Material for the task:
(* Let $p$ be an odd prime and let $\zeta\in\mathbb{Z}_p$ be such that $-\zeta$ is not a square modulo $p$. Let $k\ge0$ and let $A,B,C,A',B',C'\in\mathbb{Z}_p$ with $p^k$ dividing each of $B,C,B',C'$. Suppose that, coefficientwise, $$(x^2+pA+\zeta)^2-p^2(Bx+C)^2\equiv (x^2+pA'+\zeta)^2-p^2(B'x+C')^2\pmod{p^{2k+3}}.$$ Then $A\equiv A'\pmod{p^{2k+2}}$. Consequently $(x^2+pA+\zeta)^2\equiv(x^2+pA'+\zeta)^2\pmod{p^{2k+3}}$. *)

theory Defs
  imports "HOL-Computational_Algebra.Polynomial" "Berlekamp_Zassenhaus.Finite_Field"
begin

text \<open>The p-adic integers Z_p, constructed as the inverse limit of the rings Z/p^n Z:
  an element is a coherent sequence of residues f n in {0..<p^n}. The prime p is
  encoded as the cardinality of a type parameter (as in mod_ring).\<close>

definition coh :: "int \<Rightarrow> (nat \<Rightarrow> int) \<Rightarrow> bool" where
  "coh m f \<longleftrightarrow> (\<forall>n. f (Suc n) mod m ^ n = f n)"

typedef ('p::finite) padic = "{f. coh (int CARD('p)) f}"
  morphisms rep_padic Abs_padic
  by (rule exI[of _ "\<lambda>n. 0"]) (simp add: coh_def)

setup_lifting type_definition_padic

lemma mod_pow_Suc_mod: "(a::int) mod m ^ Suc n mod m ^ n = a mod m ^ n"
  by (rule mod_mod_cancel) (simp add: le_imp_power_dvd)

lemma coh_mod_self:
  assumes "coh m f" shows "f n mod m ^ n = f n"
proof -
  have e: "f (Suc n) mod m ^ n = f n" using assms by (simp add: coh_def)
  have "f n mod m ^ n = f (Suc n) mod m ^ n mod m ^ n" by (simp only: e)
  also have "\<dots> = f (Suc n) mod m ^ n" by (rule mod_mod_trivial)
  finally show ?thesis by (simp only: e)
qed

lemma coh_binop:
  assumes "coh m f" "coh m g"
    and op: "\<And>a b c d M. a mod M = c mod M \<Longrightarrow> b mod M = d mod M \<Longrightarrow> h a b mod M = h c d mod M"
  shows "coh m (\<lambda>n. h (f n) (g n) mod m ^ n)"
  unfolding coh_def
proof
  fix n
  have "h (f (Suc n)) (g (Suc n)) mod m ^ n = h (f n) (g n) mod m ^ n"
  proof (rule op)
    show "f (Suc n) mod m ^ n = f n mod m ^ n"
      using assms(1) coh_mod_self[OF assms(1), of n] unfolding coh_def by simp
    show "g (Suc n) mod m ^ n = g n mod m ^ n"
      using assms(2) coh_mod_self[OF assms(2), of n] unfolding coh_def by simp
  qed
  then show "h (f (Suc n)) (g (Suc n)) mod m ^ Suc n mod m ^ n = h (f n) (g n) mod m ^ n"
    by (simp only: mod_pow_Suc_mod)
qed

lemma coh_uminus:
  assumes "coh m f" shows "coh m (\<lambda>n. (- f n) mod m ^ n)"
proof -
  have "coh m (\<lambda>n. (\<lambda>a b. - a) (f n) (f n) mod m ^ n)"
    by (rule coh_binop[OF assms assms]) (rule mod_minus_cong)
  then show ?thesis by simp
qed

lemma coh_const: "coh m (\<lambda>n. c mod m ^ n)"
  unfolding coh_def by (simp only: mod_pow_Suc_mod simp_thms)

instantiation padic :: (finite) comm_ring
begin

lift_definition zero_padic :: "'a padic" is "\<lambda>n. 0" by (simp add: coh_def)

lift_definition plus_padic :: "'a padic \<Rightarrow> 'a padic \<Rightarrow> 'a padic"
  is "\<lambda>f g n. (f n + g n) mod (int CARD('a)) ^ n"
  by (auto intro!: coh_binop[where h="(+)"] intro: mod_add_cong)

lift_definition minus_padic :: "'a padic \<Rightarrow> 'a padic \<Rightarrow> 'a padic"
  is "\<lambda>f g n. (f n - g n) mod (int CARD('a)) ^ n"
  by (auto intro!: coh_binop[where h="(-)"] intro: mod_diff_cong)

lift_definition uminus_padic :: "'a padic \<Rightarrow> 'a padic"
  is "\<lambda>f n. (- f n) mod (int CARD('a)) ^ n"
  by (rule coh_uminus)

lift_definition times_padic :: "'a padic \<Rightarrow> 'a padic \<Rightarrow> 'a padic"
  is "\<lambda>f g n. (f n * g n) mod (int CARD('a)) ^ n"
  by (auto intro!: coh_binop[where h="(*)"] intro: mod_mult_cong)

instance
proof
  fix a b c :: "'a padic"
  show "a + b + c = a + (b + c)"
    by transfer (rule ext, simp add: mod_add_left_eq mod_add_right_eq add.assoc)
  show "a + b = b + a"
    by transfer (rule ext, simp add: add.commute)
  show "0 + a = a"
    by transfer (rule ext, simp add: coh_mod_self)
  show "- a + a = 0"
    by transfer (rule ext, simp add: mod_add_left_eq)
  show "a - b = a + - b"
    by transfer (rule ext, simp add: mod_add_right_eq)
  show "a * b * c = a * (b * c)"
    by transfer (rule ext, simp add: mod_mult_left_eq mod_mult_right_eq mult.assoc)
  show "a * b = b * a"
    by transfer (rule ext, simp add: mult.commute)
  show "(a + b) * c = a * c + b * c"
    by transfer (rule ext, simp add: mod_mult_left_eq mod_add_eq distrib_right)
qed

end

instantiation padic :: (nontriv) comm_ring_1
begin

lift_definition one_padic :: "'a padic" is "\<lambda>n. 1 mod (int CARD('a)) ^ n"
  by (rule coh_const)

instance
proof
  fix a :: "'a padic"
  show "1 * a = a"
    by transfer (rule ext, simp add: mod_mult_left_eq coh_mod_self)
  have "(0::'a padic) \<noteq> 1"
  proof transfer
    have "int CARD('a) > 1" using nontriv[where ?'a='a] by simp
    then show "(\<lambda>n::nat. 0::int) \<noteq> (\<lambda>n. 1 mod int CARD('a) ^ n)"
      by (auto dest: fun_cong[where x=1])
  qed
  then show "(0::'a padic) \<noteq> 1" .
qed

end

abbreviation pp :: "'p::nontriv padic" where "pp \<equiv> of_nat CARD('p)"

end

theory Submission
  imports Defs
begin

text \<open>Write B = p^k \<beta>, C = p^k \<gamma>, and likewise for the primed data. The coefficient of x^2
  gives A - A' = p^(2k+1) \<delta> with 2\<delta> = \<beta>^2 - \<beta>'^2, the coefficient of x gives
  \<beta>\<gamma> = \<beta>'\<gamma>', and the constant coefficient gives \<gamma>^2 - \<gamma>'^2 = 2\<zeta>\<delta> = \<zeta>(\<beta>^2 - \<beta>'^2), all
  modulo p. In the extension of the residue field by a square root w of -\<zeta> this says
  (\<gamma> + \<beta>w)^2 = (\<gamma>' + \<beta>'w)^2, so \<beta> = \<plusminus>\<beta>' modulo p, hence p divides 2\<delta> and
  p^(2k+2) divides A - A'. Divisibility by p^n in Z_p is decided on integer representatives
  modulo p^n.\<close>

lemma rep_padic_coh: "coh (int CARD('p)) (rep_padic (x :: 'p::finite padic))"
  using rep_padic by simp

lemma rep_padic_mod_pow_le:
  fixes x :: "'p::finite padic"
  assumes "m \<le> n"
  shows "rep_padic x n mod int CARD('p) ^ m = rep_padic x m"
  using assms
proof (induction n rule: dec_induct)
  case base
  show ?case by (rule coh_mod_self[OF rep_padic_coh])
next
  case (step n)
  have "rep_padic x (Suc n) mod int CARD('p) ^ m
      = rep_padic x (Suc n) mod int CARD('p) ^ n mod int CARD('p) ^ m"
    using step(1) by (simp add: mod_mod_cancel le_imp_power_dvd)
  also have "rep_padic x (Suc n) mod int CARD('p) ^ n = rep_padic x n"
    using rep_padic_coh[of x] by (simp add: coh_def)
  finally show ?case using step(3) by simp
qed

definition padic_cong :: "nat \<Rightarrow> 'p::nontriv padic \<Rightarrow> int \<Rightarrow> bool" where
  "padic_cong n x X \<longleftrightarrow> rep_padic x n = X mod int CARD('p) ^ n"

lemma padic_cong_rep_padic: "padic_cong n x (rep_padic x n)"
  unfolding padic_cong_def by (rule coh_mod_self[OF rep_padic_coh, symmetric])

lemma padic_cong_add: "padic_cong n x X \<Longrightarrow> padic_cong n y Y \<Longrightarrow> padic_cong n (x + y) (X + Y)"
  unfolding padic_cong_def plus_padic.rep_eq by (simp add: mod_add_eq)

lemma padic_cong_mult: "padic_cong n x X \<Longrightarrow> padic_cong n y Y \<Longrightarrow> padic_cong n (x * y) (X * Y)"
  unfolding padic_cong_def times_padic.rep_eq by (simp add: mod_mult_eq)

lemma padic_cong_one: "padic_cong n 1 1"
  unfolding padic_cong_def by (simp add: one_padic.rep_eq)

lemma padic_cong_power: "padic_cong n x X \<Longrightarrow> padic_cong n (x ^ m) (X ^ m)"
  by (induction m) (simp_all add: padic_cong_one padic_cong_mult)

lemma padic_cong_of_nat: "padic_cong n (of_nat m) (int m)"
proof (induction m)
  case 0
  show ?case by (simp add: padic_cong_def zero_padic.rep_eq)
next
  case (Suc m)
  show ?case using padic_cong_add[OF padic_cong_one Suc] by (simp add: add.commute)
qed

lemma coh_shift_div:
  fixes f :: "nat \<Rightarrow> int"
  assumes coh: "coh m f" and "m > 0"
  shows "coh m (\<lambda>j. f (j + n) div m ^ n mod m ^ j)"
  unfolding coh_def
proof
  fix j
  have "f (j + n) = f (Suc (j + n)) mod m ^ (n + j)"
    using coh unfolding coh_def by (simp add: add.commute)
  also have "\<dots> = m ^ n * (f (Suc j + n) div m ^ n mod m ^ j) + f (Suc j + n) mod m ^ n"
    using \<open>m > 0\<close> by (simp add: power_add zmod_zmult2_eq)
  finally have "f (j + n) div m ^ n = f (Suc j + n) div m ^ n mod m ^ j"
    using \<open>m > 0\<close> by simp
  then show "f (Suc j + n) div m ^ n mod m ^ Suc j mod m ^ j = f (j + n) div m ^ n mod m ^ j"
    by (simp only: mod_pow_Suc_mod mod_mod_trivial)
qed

--

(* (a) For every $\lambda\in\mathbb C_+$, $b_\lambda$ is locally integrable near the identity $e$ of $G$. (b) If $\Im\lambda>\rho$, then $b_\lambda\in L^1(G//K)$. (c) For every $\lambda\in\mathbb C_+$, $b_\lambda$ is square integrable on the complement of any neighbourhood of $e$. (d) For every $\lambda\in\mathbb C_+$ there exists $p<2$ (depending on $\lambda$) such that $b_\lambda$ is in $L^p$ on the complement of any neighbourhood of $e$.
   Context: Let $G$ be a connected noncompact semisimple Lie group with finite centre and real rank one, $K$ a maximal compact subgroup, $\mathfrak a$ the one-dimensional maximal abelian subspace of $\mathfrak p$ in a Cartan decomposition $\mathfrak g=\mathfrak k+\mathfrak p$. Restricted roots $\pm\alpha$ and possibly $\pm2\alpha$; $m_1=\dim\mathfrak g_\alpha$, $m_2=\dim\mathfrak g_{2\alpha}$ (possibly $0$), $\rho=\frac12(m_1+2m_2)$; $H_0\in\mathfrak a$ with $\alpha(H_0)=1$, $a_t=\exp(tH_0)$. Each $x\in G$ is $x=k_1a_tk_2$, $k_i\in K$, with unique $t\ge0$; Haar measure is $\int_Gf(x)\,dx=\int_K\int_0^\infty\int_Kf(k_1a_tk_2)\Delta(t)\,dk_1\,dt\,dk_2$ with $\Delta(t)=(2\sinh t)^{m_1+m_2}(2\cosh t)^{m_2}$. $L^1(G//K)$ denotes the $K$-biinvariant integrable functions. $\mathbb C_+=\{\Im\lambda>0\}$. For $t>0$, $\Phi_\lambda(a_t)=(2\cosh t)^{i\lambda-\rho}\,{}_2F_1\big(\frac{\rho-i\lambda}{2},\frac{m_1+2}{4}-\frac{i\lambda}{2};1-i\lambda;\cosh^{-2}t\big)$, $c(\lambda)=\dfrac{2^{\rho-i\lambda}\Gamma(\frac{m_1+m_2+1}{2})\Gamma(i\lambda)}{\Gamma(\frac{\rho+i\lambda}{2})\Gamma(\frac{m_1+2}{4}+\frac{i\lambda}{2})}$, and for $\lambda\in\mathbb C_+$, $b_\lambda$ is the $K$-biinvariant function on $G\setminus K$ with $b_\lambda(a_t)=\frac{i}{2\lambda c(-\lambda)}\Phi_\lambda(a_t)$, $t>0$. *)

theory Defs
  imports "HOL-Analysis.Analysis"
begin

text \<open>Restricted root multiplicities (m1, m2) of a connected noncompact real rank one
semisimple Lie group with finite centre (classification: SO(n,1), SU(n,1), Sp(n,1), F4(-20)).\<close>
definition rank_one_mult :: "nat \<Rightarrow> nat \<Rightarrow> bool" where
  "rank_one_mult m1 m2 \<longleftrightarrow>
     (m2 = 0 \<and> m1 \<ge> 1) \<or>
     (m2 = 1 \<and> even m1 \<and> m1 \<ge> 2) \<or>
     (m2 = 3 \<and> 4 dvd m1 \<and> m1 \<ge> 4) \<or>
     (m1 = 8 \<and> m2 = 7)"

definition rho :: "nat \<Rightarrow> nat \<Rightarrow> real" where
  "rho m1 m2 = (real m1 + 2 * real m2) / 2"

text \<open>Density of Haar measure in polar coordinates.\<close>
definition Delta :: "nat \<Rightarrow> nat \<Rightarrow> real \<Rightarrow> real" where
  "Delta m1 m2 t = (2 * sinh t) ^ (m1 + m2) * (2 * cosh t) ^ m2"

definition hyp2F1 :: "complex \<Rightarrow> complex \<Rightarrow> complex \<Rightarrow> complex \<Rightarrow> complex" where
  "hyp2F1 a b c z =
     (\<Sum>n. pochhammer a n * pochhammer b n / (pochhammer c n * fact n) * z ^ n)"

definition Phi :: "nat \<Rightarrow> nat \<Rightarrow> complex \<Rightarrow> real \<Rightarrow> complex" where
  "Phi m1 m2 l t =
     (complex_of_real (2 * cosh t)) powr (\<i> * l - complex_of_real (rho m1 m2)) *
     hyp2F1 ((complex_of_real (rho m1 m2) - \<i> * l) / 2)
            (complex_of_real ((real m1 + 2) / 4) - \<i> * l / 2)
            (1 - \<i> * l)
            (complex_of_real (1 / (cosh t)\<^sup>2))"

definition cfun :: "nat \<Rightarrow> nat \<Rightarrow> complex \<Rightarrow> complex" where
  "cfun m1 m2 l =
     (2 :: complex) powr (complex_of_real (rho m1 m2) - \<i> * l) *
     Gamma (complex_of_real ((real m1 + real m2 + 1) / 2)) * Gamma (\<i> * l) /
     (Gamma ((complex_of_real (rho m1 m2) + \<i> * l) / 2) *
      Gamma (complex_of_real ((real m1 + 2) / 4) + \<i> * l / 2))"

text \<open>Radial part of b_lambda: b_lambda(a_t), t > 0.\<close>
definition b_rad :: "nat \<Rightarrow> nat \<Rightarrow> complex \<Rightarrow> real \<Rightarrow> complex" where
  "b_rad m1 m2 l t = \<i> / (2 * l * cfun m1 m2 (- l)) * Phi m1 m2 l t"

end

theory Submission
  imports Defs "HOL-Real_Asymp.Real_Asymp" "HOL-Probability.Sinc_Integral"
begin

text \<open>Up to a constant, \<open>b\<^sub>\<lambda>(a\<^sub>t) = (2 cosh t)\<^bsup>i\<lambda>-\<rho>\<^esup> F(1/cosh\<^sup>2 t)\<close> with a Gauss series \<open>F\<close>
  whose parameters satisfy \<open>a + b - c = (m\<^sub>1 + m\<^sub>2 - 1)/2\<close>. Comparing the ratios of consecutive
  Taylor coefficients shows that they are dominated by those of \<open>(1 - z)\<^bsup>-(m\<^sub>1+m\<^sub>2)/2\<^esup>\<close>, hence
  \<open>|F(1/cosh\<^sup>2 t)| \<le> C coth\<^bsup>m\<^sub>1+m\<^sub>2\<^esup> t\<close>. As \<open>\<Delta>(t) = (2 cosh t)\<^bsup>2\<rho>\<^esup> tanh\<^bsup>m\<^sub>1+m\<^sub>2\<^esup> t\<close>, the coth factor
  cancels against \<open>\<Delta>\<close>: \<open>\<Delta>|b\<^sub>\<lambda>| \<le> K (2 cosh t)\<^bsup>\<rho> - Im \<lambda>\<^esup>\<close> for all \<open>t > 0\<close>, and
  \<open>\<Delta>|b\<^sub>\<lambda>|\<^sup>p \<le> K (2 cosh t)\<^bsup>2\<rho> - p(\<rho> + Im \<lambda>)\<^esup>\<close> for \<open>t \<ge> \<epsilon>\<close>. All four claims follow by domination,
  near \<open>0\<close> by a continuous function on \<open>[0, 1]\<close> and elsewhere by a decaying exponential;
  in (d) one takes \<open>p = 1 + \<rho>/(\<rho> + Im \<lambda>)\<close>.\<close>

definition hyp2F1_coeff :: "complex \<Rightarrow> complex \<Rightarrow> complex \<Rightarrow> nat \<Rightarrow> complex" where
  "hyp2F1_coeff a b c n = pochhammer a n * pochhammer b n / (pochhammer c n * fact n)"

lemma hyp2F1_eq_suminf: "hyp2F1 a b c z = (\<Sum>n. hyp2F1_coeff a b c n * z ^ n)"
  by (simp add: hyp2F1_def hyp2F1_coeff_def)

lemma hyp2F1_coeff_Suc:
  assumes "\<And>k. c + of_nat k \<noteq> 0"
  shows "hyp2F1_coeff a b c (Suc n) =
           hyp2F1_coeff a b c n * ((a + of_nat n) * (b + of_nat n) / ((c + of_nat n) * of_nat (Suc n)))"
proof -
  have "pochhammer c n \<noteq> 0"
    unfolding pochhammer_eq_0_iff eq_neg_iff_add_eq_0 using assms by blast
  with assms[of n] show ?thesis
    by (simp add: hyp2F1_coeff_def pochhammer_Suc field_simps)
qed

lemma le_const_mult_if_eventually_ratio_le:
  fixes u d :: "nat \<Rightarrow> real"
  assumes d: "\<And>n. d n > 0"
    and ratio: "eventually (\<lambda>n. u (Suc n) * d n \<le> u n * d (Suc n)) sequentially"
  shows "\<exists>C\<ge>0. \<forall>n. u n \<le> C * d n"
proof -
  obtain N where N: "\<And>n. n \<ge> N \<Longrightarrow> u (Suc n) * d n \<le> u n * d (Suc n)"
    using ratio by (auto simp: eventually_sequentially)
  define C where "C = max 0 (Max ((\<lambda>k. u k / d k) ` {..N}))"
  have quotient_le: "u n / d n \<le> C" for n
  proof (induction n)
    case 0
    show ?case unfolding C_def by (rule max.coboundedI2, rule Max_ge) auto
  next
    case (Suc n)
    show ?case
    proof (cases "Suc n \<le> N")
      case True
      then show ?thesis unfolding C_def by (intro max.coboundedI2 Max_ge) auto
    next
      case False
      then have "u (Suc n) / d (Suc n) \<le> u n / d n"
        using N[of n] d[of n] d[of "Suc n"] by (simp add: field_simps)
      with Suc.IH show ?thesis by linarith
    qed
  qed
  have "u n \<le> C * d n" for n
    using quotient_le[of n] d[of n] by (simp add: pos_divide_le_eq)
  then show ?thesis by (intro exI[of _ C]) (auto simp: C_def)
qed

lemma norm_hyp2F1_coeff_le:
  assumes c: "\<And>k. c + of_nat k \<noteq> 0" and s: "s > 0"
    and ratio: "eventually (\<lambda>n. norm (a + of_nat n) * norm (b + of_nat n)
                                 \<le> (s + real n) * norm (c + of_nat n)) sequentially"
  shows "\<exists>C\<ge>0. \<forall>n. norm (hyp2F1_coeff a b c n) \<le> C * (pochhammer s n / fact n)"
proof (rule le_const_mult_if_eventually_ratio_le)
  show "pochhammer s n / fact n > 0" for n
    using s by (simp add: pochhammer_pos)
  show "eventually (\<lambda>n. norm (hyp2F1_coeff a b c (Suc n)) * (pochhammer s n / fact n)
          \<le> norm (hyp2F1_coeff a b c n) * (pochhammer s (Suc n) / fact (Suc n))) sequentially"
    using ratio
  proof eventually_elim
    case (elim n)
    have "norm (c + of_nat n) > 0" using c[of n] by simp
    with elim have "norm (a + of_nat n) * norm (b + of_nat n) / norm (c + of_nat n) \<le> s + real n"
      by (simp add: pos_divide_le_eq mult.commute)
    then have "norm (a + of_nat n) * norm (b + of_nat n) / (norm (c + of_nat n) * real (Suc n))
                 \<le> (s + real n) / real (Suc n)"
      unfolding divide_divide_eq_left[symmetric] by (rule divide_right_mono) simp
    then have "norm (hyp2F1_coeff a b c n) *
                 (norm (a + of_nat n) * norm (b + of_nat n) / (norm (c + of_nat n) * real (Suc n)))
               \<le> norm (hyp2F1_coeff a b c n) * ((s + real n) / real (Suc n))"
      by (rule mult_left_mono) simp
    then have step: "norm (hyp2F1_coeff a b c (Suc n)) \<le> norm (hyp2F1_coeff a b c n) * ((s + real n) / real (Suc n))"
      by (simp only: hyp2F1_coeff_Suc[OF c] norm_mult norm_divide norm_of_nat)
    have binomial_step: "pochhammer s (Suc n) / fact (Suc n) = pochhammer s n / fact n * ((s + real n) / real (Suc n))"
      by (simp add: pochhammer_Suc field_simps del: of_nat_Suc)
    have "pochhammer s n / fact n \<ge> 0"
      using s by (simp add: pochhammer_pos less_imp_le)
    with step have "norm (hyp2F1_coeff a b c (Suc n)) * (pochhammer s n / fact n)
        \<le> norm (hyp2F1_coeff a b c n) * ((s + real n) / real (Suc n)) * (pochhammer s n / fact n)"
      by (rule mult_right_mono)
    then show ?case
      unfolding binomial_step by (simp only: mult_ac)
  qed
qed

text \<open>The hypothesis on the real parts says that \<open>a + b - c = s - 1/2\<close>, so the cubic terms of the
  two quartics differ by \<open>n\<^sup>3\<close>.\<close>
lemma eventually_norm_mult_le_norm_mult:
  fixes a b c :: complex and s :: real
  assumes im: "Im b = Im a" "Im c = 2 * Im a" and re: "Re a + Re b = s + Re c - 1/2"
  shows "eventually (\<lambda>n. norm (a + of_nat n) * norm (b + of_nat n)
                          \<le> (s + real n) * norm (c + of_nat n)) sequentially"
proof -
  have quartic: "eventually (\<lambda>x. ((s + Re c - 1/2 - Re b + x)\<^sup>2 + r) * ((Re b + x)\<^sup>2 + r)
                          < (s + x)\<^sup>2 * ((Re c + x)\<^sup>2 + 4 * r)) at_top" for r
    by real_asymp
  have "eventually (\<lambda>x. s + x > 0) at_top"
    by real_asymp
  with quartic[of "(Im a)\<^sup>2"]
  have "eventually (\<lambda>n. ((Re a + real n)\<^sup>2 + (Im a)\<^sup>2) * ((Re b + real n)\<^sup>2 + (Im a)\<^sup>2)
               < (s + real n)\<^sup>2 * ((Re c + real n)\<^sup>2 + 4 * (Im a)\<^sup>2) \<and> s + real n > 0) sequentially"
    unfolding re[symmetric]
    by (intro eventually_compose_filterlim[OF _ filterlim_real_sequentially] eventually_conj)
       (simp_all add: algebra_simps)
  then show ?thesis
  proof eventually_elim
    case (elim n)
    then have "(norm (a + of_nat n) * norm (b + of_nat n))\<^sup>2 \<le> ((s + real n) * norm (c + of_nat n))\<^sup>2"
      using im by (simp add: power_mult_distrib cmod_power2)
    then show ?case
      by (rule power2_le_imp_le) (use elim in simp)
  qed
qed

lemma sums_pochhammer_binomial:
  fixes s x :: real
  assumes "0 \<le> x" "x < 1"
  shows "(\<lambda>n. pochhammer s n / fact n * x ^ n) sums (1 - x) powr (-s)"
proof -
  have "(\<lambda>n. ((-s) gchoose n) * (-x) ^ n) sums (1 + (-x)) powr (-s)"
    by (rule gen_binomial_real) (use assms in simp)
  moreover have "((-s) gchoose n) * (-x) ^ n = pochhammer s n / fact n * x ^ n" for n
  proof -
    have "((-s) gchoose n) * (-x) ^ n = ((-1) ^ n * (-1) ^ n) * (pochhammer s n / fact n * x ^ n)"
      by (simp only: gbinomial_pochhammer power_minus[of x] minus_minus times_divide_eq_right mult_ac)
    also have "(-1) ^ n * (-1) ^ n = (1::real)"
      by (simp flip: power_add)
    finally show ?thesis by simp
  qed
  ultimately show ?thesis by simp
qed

About this task:
Which lines of the material contain "zeta"? List them.

Exercise output:
(* Let $p$ be an odd prime and let $\zeta\in\mathbb{Z}_p$ be such that $-\zeta$ is not a square modulo $p$. Let $k\ge0$ and let $A,B,C,A',B',C'\in\mathbb{Z}_p$ with $p^k$ dividing each of $B,C,B',C'$. Suppose that, coefficientwise, $$(x^2+pA+\zeta)^2-p^2(Bx+C)^2\equiv (x^2+pA'+\zeta)^2-p^2(B'x+C')^2\pmod{p^{2k+3}}.$$ Then $A\equiv A'\pmod{p^{2k+2}}$. Consequently $(x^2+pA+\zeta)^2\equiv(x^2+pA'+\zeta)^2\pmod{p^{2k+3}}$. *)
  \<beta>\<gamma> = \<beta>'\<gamma>', and the constant coefficient gives \<gamma>^2 - \<gamma>'^2 = 2\<zeta>\<delta> = \<zeta>(\<beta>^2 - \<beta>'^2), all
  modulo p. In the extension of the residue field by a square root w of -\<zeta> this says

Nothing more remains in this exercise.